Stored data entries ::
——————

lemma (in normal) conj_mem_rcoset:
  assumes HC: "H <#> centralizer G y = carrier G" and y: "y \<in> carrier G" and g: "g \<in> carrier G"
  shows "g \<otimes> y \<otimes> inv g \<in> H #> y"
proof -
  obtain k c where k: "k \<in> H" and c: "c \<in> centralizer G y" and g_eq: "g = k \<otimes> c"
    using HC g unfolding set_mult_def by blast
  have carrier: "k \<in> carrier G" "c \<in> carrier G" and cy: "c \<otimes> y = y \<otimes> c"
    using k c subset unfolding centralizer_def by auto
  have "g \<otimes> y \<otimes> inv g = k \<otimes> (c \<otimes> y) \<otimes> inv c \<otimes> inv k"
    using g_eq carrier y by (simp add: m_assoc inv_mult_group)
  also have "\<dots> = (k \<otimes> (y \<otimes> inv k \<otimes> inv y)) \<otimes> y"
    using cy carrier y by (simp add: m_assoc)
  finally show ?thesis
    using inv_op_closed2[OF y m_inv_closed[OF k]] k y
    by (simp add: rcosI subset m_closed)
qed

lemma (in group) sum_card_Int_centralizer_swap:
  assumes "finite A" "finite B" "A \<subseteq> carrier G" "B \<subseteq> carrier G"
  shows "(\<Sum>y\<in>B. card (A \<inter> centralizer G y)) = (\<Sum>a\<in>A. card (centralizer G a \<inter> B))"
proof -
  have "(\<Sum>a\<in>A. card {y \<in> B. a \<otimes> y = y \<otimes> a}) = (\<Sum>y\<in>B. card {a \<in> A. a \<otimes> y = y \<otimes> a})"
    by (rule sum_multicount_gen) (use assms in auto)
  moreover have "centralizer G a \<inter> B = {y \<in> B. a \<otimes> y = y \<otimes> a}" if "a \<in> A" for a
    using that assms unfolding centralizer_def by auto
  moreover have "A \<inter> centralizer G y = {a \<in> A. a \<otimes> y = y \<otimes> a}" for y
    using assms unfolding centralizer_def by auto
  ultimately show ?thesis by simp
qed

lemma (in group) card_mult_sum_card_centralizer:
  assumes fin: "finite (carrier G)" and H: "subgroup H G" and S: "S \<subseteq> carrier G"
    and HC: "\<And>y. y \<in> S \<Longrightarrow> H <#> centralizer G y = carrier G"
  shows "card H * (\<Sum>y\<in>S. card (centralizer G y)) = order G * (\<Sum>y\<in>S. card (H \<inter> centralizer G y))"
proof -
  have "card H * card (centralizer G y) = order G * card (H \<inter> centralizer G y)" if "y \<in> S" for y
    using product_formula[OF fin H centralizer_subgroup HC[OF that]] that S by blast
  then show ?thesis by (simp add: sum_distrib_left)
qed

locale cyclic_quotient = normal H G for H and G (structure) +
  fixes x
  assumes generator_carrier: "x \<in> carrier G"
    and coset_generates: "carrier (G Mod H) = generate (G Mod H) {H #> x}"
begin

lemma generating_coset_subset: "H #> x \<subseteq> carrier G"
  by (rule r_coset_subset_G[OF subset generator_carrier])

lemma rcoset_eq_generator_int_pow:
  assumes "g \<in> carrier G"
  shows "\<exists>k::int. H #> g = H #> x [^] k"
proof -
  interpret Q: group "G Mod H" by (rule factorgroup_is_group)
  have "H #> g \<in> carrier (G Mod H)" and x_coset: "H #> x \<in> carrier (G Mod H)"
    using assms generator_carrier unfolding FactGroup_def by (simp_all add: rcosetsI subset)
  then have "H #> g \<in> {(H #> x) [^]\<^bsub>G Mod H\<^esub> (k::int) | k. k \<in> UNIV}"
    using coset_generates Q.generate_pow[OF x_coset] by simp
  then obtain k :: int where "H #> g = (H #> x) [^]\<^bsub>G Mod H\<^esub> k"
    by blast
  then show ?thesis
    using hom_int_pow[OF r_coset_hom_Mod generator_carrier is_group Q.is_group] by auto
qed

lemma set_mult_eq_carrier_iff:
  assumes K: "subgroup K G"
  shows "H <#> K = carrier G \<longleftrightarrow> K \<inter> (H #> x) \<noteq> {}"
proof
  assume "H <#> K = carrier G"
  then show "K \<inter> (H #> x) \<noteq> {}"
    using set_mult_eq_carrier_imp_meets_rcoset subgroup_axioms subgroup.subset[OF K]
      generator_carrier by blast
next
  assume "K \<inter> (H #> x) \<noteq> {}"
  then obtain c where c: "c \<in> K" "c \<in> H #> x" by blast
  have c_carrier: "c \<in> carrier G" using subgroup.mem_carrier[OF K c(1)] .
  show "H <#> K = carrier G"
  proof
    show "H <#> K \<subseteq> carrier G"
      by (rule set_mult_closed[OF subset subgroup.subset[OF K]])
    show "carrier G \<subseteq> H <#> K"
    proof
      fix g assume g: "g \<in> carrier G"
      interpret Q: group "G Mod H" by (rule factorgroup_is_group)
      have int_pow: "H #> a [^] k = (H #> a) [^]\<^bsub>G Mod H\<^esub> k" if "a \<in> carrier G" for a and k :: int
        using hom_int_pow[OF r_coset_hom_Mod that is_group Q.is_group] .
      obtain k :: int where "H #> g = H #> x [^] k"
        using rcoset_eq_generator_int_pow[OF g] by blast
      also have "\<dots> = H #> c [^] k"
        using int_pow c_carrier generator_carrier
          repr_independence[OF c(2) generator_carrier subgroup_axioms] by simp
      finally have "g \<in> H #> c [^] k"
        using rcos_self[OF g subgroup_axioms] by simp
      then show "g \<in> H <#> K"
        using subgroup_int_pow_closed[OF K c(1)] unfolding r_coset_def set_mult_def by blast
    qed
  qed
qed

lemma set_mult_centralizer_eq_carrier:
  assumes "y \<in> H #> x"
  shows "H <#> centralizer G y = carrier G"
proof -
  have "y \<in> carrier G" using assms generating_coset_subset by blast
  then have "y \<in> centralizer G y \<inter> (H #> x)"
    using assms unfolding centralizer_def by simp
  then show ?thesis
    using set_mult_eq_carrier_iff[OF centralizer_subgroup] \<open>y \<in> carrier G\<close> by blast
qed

——————

Exercise description :: Retype only this range exactly: the first line of the data through the line where "using k c subset" appears.

Written response ::
lemma (in normal) conj_mem_rcoset:
  assumes HC: "H <#> centralizer G y = carrier G" and y: "y \<in> carrier G" and g: "g \<in> carrier G"
  shows "g \<otimes> y \<otimes> inv g \<in> H #> y"
proof -
  obtain k c where k: "k \<in> H" and c: "c \<in> centralizer G y" and g_eq: "g = k \<otimes> c"
    using HC g unfolding set_mult_def by blast
  have carrier: "k \<in> carrier G" "c \<in> carrier G" and cy: "c \<otimes> y = y \<otimes> c"
    using k c subset unfolding centralizer_def by auto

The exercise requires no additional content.